§ **RECORDS PROVIDED**
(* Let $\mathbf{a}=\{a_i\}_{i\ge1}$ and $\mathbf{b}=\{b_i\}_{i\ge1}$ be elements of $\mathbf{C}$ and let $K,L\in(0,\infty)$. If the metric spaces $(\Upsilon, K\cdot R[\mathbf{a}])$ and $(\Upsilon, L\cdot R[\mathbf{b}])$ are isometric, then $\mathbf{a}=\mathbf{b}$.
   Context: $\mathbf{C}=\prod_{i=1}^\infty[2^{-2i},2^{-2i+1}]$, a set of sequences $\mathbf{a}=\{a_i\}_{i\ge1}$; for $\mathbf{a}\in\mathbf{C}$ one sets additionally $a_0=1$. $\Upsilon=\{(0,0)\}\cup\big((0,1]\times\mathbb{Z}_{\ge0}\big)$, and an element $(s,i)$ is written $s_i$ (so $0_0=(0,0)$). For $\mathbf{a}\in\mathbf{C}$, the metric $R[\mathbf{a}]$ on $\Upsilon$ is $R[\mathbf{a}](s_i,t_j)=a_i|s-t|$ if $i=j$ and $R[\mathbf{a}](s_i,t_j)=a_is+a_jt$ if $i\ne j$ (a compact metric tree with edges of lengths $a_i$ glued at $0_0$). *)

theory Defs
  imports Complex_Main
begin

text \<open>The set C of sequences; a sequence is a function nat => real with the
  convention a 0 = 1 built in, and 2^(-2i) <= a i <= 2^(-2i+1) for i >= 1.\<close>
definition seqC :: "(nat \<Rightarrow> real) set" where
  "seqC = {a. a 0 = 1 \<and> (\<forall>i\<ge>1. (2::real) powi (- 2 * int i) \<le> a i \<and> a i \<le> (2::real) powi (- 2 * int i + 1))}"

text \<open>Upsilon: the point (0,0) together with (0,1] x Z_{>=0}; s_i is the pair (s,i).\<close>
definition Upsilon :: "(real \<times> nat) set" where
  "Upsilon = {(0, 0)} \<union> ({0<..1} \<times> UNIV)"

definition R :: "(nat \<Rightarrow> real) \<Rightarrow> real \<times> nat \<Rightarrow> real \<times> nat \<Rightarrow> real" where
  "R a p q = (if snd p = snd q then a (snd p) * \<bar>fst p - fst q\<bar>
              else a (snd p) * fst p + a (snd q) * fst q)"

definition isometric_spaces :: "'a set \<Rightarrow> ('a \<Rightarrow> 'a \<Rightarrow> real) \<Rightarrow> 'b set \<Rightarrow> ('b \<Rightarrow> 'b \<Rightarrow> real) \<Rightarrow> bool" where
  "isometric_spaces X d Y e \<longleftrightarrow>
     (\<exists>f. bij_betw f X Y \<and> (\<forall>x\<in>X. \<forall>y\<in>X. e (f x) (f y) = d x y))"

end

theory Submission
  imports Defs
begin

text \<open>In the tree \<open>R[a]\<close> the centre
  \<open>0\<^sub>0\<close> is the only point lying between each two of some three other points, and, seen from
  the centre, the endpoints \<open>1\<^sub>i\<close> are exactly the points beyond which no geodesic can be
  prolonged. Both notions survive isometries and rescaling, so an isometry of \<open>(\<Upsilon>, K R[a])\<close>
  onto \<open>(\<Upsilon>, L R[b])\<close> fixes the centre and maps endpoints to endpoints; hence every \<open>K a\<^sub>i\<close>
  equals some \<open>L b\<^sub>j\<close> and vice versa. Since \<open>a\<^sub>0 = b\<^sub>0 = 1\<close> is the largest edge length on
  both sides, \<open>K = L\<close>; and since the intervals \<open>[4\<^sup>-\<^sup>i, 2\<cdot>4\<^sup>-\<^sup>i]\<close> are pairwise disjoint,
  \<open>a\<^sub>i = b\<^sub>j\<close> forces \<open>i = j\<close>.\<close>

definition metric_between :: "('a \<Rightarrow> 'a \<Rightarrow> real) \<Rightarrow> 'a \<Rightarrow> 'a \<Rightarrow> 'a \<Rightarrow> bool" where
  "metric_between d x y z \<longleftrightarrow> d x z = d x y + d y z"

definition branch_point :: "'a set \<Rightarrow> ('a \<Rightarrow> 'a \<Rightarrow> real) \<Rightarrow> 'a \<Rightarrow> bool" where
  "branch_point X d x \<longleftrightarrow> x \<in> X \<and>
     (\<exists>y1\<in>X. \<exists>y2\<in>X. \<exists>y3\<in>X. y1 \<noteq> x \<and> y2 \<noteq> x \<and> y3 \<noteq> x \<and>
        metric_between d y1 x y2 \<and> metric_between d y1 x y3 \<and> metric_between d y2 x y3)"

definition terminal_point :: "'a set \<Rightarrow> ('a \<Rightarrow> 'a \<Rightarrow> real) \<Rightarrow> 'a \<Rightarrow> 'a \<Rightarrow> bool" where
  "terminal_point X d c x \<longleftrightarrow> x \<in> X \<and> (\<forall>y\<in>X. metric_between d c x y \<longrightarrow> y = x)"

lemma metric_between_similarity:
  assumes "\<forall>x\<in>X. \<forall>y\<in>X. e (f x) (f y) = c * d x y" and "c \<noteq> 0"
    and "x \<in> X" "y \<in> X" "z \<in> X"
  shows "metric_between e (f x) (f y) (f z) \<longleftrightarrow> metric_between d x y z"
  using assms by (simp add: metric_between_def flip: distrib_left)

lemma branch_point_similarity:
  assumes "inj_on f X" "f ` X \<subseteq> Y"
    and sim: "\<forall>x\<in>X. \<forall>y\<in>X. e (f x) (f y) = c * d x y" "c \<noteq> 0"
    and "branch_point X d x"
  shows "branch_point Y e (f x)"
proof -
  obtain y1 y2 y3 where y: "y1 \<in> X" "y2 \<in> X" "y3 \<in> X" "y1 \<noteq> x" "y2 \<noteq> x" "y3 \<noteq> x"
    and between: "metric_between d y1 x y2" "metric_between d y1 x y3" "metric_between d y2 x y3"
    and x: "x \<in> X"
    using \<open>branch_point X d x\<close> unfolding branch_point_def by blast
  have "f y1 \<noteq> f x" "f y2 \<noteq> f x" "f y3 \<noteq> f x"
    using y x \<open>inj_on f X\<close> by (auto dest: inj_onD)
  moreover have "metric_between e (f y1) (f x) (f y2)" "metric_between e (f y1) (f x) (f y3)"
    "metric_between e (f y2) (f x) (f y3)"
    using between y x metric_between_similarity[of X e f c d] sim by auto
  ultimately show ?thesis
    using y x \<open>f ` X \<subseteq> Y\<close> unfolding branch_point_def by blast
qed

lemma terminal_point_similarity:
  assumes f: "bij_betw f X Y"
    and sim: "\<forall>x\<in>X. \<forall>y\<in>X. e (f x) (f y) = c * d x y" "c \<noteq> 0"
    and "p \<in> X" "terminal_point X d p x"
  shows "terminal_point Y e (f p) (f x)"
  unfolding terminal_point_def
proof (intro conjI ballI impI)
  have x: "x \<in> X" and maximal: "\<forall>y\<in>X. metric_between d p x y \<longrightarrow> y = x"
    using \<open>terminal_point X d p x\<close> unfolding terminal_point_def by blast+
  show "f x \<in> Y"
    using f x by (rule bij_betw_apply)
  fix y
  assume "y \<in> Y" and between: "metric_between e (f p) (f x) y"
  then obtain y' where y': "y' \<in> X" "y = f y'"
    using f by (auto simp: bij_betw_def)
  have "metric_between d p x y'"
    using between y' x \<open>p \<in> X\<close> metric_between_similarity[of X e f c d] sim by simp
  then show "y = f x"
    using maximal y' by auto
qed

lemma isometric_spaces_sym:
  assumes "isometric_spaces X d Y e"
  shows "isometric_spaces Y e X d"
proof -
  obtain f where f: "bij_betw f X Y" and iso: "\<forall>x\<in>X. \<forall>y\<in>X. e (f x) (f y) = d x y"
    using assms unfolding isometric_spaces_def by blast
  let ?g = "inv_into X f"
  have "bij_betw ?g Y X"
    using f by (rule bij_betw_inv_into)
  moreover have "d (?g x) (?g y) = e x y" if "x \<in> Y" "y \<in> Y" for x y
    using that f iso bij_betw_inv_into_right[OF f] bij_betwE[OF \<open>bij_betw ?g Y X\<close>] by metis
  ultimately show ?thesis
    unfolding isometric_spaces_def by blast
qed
* * *
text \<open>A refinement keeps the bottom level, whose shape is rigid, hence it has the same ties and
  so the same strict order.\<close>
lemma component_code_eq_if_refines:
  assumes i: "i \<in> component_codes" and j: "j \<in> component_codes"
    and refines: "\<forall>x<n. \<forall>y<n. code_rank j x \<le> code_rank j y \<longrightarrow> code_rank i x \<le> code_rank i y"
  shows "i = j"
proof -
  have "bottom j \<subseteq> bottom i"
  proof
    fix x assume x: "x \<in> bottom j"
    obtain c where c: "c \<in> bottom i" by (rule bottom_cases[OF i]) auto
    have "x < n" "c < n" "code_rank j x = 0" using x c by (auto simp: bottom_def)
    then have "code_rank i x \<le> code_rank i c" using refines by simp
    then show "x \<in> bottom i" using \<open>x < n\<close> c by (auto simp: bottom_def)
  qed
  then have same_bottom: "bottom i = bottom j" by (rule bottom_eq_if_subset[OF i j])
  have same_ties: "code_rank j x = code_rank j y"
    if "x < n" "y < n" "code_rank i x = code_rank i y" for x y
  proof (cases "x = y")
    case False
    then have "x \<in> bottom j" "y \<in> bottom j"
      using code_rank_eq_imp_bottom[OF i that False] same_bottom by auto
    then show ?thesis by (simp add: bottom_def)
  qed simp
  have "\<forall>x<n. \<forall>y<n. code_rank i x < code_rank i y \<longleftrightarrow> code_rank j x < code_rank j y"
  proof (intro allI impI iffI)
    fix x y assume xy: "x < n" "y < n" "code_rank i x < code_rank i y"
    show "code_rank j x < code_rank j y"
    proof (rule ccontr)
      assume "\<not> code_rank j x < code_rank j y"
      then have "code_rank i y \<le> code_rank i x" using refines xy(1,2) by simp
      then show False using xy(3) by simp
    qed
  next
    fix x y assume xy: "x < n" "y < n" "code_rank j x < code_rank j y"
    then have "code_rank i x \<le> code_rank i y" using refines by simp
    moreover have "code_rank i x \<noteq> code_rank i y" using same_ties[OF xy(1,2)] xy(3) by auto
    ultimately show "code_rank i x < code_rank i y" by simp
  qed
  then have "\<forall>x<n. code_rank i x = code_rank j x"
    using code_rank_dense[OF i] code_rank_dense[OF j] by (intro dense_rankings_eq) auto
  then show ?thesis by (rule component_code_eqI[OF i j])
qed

§ **DIRECTIONS FOR THIS TASK**
From the material above, set down exactly the lines between the line holding "be elements of" and the line holding "- fst q\<bar>", inclusive. Include nothing else.

§ **RESPONSE TO THIS TASK**
(* Let $\mathbf{a}=\{a_i\}_{i\ge1}$ and $\mathbf{b}=\{b_i\}_{i\ge1}$ be elements of $\mathbf{C}$ and let $K,L\in(0,\infty)$. If the metric spaces $(\Upsilon, K\cdot R[\mathbf{a}])$ and $(\Upsilon, L\cdot R[\mathbf{b}])$ are isometric, then $\mathbf{a}=\mathbf{b}$.
   Context: $\mathbf{C}=\prod_{i=1}^\infty[2^{-2i},2^{-2i+1}]$, a set of sequences $\mathbf{a}=\{a_i\}_{i\ge1}$; for $\mathbf{a}\in\mathbf{C}$ one sets additionally $a_0=1$. $\Upsilon=\{(0,0)\}\cup\big((0,1]\times\mathbb{Z}_{\ge0}\big)$, and an element $(s,i)$ is written $s_i$ (so $0_0=(0,0)$). For $\mathbf{a}\in\mathbf{C}$, the metric $R[\mathbf{a}]$ on $\Upsilon$ is $R[\mathbf{a}](s_i,t_j)=a_i|s-t|$ if $i=j$ and $R[\mathbf{a}](s_i,t_j)=a_is+a_jt$ if $i\ne j$ (a compact metric tree with edges of lengths $a_i$ glued at $0_0$). *)

theory Defs
  imports Complex_Main
begin

text \<open>The set C of sequences; a sequence is a function nat => real with the
  convention a 0 = 1 built in, and 2^(-2i) <= a i <= 2^(-2i+1) for i >= 1.\<close>
definition seqC :: "(nat \<Rightarrow> real) set" where
  "seqC = {a. a 0 = 1 \<and> (\<forall>i\<ge>1. (2::real) powi (- 2 * int i) \<le> a i \<and> a i \<le> (2::real) powi (- 2 * int i + 1))}"

text \<open>Upsilon: the point (0,0) together with (0,1] x Z_{>=0}; s_i is the pair (s,i).\<close>
definition Upsilon :: "(real \<times> nat) set" where
  "Upsilon = {(0, 0)} \<union> ({0<..1} \<times> UNIV)"

definition R :: "(nat \<Rightarrow> real) \<Rightarrow> real \<times> nat \<Rightarrow> real \<times> nat \<Rightarrow> real" where
  "R a p q = (if snd p = snd q then a (snd p) * \<bar>fst p - fst q\<bar>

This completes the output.